---- Dataset records

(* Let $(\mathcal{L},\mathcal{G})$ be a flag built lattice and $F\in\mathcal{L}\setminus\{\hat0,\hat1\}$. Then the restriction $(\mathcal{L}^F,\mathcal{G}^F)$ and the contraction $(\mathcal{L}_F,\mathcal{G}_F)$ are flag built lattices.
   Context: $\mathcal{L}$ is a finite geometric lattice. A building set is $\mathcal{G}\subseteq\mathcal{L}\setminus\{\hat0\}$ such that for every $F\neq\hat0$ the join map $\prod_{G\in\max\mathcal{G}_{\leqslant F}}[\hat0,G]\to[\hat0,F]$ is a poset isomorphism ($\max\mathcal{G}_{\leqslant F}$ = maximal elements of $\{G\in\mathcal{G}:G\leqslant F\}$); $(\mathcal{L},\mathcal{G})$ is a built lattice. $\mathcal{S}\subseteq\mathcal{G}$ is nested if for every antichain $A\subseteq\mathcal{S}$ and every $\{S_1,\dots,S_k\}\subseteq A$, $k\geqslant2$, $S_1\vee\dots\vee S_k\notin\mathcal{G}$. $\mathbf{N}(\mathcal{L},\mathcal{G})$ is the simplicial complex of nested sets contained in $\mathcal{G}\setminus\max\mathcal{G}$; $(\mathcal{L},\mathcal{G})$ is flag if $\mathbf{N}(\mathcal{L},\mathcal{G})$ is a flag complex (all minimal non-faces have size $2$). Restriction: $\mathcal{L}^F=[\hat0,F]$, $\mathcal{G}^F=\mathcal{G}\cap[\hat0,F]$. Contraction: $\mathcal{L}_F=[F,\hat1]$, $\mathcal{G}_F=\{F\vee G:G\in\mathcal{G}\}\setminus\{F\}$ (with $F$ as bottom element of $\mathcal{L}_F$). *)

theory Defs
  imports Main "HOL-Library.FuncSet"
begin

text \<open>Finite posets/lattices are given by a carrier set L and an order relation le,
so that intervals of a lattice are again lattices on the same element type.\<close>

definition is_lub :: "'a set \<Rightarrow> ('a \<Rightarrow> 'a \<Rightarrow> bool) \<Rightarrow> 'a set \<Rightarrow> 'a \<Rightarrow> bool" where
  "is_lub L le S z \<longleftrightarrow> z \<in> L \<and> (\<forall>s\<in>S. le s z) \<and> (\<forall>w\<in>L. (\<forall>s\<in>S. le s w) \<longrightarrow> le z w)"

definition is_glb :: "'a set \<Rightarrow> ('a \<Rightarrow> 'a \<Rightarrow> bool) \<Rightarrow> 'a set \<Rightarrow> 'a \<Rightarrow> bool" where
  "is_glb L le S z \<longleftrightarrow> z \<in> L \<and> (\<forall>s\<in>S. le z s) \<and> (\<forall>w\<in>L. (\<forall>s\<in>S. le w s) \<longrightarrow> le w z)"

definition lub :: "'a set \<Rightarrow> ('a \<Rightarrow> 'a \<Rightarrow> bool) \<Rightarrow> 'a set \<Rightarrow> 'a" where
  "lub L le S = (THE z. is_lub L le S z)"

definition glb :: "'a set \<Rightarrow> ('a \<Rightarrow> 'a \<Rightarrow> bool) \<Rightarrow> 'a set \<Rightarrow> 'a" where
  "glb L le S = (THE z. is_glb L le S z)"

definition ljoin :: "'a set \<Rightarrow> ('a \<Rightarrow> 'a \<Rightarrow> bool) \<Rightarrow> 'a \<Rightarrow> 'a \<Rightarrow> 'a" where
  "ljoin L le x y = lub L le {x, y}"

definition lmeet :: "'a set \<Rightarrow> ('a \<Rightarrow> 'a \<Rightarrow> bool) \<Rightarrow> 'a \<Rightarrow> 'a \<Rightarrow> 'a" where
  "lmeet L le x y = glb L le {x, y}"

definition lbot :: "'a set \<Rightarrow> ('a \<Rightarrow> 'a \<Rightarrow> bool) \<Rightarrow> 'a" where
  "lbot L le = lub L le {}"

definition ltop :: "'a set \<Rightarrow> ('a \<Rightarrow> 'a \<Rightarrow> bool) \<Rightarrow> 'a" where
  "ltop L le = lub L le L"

--------
---- Dataset records

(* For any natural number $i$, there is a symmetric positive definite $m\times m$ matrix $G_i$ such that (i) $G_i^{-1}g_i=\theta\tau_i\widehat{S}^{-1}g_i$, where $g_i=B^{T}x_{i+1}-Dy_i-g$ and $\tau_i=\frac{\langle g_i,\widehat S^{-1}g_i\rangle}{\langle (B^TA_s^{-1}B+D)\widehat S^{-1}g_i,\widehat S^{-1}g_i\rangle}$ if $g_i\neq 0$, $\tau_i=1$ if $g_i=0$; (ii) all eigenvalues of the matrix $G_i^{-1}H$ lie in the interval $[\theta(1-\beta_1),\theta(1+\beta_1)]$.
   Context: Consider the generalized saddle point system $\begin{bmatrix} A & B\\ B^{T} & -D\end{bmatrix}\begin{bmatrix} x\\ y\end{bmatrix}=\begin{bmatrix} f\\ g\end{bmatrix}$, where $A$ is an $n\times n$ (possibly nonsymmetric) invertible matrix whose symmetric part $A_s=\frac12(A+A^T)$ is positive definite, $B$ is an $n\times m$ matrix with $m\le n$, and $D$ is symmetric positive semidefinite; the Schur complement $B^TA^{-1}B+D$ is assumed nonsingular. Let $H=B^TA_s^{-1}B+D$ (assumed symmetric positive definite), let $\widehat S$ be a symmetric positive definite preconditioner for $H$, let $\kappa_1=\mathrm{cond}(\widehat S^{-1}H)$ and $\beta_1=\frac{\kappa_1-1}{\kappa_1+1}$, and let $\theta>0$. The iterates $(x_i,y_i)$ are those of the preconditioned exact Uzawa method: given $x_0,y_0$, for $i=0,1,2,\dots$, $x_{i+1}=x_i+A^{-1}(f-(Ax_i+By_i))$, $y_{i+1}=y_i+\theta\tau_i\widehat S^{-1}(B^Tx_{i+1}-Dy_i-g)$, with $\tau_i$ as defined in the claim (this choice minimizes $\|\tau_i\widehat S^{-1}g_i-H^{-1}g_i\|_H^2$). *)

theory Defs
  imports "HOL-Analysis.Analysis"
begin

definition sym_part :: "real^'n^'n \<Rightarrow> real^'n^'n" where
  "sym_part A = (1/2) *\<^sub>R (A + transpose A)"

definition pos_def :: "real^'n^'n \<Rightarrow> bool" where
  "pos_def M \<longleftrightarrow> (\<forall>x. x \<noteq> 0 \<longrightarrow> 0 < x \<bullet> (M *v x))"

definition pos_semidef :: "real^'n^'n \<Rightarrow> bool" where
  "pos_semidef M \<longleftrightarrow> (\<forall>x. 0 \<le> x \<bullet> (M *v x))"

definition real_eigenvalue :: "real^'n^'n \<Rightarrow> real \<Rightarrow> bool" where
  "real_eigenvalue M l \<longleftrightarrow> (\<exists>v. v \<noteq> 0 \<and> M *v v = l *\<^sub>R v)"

--------
---- Dataset records

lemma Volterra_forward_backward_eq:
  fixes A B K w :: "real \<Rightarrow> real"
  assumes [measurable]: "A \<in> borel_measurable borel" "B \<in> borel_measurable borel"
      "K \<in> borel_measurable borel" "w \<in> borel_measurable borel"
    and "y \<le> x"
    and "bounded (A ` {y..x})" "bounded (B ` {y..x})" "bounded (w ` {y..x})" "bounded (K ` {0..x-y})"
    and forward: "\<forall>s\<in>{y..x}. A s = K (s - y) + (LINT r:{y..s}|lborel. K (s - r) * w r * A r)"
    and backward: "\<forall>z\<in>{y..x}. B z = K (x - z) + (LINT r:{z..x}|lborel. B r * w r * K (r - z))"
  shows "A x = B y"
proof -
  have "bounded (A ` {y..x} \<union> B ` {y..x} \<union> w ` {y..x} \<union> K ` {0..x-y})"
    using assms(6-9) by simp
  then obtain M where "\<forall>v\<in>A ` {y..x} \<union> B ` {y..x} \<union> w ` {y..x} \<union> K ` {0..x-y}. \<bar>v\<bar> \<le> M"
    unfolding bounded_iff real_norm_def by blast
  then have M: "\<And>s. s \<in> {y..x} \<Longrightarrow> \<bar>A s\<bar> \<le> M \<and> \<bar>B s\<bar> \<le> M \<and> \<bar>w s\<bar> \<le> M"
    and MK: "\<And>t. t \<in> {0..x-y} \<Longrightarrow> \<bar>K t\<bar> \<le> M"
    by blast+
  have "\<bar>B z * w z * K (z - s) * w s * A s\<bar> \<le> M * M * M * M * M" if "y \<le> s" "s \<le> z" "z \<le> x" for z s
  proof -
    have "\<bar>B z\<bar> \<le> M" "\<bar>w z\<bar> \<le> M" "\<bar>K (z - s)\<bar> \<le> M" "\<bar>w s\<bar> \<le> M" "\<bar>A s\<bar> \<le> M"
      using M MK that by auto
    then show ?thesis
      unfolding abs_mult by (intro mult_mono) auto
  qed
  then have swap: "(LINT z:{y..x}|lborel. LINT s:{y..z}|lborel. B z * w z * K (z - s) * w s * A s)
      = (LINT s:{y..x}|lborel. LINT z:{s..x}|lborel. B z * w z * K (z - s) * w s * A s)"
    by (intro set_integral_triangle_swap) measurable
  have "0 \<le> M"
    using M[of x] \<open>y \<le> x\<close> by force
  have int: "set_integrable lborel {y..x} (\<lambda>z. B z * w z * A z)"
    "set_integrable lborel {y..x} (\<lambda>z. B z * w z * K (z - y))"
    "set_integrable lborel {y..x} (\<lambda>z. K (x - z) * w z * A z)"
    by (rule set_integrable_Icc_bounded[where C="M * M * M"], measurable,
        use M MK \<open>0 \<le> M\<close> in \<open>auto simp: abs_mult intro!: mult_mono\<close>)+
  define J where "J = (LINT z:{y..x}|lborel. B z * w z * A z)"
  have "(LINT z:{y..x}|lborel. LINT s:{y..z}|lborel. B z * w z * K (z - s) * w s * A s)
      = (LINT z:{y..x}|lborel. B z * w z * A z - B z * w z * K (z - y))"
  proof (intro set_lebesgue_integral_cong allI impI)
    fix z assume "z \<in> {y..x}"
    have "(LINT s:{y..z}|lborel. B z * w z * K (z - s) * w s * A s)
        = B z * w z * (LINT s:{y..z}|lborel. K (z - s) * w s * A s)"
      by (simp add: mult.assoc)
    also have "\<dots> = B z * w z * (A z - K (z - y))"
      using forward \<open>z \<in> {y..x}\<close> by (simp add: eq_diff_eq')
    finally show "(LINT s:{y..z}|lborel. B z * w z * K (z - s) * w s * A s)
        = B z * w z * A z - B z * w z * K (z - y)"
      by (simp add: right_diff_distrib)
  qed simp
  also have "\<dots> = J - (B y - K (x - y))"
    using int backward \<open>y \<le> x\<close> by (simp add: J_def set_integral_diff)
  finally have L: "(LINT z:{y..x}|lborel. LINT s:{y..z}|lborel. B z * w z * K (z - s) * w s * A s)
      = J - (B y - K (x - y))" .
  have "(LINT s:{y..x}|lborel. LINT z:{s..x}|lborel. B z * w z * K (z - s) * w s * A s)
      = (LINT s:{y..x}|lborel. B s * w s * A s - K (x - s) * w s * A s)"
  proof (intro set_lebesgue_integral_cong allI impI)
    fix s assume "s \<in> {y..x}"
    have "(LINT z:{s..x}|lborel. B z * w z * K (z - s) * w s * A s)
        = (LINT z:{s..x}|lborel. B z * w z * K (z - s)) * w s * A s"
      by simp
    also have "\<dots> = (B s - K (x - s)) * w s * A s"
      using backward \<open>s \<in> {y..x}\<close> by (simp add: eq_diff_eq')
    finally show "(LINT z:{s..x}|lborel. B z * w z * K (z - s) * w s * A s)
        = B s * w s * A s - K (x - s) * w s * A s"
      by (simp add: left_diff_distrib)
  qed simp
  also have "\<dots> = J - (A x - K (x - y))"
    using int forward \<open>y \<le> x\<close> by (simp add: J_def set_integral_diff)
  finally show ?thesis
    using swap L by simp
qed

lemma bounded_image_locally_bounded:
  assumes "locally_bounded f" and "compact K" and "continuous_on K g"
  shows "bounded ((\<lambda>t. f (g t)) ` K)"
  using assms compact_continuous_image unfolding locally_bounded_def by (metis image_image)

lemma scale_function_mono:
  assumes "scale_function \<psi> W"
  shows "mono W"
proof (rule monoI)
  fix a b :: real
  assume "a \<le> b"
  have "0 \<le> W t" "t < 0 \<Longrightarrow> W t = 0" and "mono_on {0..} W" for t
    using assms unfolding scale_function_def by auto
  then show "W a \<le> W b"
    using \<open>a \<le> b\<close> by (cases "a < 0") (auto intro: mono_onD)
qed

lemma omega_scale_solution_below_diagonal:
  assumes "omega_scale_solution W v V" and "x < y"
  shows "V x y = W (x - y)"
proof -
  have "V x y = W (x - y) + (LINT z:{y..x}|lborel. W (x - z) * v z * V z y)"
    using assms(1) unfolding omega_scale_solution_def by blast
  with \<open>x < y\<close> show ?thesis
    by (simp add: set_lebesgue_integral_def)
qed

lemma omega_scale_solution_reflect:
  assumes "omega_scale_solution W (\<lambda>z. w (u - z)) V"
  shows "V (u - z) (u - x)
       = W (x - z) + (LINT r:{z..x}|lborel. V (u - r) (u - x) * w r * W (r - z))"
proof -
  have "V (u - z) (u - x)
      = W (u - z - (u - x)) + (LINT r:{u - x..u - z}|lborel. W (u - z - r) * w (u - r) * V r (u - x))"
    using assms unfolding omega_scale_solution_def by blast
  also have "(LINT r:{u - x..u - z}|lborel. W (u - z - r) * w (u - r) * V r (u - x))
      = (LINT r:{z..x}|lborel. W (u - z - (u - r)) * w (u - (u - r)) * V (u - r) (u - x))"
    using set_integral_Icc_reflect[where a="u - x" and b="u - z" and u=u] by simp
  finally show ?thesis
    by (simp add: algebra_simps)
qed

--------

--- Work instructions ---
Reproduce verbatim the lines above, from the line with "J - (A x - K (x" through the line with "r)) * V (u - r) (u".

--- Exercise response ---
  also have "\<dots> = J - (A x - K (x - y))"
    using int forward \<open>y \<le> x\<close> by (simp add: J_def set_integral_diff)
  finally show ?thesis
    using swap L by simp
qed

lemma bounded_image_locally_bounded:
  assumes "locally_bounded f" and "compact K" and "continuous_on K g"
  shows "bounded ((\<lambda>t. f (g t)) ` K)"
  using assms compact_continuous_image unfolding locally_bounded_def by (metis image_image)

lemma scale_function_mono:
  assumes "scale_function \<psi> W"
  shows "mono W"
proof (rule monoI)
  fix a b :: real
  assume "a \<le> b"
  have "0 \<le> W t" "t < 0 \<Longrightarrow> W t = 0" and "mono_on {0..} W" for t
    using assms unfolding scale_function_def by auto
  then show "W a \<le> W b"
    using \<open>a \<le> b\<close> by (cases "a < 0") (auto intro: mono_onD)
qed

lemma omega_scale_solution_below_diagonal:
  assumes "omega_scale_solution W v V" and "x < y"
  shows "V x y = W (x - y)"
proof -
  have "V x y = W (x - y) + (LINT z:{y..x}|lborel. W (x - z) * v z * V z y)"
    using assms(1) unfolding omega_scale_solution_def by blast
  with \<open>x < y\<close> show ?thesis
    by (simp add: set_lebesgue_integral_def)
qed

lemma omega_scale_solution_reflect:
  assumes "omega_scale_solution W (\<lambda>z. w (u - z)) V"
  shows "V (u - z) (u - x)
       = W (x - z) + (LINT r:{z..x}|lborel. V (u - r) (u - x) * w r * W (r - z))"
proof -
  have "V (u - z) (u - x)
      = W (u - z - (u - x)) + (LINT r:{u - x..u - z}|lborel. W (u - z - r) * w (u - r) * V r (u - x))"
    using assms unfolding omega_scale_solution_def by blast
  also have "(LINT r:{u - x..u - z}|lborel. W (u - z - r) * w (u - r) * V r (u - x))
      = (LINT r:{z..x}|lborel. W (u - z - (u - r)) * w (u - (u - r)) * V (u - r) (u - x))"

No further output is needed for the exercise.